# [Exercise directions]
Among the following entries, count the lines that contain "assms" and report only the result.
┌─ Extracted data
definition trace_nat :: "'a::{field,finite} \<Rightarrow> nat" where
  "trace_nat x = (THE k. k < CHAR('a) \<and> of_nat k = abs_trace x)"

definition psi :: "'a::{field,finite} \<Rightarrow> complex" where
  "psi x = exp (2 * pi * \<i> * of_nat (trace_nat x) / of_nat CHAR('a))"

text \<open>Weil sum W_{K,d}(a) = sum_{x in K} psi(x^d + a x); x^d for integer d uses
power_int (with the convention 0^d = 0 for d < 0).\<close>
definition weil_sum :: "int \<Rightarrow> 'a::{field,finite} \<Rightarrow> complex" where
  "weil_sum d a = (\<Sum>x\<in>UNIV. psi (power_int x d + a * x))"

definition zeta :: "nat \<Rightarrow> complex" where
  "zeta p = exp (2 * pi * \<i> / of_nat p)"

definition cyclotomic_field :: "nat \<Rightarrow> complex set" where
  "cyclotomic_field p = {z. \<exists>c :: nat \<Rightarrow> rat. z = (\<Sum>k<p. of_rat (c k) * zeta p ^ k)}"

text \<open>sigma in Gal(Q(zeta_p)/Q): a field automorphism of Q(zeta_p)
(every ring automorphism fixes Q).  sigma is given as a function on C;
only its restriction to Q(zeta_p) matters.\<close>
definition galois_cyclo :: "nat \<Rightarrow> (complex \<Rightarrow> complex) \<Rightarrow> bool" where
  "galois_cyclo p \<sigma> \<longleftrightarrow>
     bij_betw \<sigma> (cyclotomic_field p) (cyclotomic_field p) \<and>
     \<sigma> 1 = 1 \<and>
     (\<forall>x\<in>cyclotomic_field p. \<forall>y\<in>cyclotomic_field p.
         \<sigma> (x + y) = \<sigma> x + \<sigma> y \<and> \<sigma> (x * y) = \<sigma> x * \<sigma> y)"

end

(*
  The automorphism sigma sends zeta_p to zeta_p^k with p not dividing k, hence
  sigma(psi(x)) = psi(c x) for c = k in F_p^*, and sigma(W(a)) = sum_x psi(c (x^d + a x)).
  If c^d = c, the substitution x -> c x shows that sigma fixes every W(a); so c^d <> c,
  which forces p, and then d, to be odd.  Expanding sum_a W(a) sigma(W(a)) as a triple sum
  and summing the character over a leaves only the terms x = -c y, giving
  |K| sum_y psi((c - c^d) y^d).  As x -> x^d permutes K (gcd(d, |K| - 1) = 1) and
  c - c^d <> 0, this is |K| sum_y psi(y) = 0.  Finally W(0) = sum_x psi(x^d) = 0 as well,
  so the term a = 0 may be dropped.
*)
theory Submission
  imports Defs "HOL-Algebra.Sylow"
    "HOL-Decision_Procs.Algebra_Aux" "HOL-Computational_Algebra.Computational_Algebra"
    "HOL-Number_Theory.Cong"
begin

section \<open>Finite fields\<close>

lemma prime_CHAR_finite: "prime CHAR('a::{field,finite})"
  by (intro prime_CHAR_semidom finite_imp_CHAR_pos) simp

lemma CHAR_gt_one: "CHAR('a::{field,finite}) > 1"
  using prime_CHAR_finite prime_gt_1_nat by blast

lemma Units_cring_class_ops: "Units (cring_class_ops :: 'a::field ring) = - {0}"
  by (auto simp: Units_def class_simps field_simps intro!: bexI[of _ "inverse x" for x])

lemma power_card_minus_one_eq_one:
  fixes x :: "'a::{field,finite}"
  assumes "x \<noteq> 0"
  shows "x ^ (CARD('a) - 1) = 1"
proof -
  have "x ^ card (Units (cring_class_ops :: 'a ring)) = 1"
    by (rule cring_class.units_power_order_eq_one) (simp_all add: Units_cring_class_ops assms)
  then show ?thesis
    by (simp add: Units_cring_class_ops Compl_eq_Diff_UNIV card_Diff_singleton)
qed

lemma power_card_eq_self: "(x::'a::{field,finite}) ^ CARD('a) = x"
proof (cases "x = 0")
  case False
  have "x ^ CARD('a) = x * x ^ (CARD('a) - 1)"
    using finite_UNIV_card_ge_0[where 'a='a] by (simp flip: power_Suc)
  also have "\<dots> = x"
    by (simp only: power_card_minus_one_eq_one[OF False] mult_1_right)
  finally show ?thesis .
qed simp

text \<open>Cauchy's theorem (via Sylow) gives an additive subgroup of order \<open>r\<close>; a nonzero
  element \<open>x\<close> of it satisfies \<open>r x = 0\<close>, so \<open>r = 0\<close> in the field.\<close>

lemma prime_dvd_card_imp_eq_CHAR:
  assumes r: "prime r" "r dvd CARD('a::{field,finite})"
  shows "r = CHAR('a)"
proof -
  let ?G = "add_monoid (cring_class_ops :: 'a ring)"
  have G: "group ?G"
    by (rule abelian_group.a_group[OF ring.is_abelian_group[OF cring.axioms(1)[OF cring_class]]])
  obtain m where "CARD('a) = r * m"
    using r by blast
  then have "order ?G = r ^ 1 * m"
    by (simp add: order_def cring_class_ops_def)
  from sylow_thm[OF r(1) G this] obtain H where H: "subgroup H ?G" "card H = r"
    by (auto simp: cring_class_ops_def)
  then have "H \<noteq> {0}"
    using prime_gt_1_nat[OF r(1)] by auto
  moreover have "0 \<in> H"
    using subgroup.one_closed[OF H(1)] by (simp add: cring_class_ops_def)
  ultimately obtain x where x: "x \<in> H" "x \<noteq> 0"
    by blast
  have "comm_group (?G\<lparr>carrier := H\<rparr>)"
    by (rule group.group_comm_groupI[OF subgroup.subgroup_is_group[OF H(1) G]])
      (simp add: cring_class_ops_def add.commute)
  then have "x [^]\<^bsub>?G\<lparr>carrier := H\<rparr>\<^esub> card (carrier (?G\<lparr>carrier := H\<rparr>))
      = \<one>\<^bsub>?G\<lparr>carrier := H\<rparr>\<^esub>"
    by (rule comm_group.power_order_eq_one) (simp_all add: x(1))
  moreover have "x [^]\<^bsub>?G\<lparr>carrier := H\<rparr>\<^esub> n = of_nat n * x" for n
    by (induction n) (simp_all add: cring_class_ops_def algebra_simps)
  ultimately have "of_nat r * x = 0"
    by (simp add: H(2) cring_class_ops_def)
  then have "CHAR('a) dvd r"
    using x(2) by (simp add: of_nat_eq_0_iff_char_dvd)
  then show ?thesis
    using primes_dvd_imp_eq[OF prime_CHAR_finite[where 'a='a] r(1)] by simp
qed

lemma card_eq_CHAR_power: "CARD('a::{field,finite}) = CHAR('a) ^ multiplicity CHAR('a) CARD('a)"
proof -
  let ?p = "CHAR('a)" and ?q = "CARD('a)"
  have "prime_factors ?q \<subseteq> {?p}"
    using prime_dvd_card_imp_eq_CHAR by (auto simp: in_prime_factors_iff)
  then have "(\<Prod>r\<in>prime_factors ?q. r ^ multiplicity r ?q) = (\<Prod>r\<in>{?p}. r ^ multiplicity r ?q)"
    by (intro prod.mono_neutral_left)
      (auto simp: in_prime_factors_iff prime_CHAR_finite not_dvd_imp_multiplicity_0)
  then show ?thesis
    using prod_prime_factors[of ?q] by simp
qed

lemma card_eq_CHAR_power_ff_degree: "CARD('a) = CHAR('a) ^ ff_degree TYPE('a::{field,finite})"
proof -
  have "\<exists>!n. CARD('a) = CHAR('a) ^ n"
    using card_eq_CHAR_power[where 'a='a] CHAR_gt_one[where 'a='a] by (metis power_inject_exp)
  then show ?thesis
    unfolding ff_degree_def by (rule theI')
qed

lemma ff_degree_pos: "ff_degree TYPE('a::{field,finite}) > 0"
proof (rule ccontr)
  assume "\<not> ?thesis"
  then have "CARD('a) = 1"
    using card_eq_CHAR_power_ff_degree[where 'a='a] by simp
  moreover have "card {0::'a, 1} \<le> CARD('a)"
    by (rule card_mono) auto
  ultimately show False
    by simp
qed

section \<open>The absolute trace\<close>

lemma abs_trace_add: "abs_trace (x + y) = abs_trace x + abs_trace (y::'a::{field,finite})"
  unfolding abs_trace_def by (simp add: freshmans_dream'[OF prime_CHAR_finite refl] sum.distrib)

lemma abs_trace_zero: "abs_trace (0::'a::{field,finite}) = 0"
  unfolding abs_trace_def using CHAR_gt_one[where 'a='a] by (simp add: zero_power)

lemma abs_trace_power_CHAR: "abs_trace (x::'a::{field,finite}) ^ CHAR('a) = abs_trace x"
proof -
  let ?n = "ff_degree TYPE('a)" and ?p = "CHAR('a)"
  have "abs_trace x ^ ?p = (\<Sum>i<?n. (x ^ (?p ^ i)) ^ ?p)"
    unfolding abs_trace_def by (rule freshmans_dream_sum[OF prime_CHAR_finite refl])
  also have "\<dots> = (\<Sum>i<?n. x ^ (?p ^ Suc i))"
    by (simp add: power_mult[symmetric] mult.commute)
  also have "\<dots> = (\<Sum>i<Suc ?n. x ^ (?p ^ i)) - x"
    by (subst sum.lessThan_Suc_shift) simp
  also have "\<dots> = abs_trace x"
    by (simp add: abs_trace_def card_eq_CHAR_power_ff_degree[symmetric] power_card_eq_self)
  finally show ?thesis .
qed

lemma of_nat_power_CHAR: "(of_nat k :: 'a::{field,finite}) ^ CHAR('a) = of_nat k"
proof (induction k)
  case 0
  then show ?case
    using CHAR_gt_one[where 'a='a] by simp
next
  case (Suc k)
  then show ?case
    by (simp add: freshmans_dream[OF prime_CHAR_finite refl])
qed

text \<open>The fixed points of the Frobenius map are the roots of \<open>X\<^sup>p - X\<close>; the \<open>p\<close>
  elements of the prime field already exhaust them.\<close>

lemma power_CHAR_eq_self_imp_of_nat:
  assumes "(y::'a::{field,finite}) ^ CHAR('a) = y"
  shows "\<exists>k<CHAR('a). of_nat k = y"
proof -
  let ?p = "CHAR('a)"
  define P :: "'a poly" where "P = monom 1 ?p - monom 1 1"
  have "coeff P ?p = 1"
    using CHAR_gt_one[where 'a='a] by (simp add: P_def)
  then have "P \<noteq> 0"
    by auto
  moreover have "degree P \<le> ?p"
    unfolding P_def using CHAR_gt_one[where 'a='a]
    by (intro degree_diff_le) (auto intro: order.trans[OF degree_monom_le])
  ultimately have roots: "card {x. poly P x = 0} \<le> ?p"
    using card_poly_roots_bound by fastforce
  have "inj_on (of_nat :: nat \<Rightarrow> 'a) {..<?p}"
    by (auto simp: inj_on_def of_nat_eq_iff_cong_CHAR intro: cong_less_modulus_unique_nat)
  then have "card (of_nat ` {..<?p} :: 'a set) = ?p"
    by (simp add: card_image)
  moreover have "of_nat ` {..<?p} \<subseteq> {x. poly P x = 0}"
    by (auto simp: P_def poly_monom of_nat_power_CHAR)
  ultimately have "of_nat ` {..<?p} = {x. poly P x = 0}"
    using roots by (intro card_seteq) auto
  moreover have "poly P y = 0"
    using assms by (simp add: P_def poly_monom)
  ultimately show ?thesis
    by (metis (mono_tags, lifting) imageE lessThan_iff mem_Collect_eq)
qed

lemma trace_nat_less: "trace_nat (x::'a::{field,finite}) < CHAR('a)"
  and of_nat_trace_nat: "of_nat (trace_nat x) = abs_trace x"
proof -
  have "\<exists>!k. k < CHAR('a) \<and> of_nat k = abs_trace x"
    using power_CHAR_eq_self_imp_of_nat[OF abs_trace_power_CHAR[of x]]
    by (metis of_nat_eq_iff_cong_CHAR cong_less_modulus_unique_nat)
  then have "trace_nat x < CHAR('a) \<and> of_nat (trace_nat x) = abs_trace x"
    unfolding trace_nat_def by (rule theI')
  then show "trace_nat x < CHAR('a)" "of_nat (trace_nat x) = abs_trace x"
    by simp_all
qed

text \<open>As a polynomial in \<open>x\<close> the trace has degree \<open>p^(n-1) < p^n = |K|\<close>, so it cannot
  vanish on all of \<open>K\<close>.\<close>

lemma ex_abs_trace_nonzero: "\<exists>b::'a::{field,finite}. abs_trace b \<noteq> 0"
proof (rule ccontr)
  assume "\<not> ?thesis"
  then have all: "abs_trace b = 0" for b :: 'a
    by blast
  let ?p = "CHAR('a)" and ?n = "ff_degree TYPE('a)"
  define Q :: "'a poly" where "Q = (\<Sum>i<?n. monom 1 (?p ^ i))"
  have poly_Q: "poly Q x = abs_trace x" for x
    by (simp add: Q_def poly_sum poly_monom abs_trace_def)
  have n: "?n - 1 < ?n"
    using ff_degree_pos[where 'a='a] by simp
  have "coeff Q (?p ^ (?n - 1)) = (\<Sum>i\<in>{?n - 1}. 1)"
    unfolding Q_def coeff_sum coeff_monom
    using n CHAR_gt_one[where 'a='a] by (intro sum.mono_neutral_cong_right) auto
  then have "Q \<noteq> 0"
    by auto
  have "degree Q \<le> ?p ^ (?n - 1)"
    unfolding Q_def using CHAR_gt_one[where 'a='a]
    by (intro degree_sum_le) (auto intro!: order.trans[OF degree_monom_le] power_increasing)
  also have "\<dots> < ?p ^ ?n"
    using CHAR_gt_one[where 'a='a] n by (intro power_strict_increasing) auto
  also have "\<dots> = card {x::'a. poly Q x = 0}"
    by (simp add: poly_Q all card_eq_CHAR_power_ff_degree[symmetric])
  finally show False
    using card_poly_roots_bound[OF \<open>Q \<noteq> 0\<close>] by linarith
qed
└─
# [Completed exercise]
2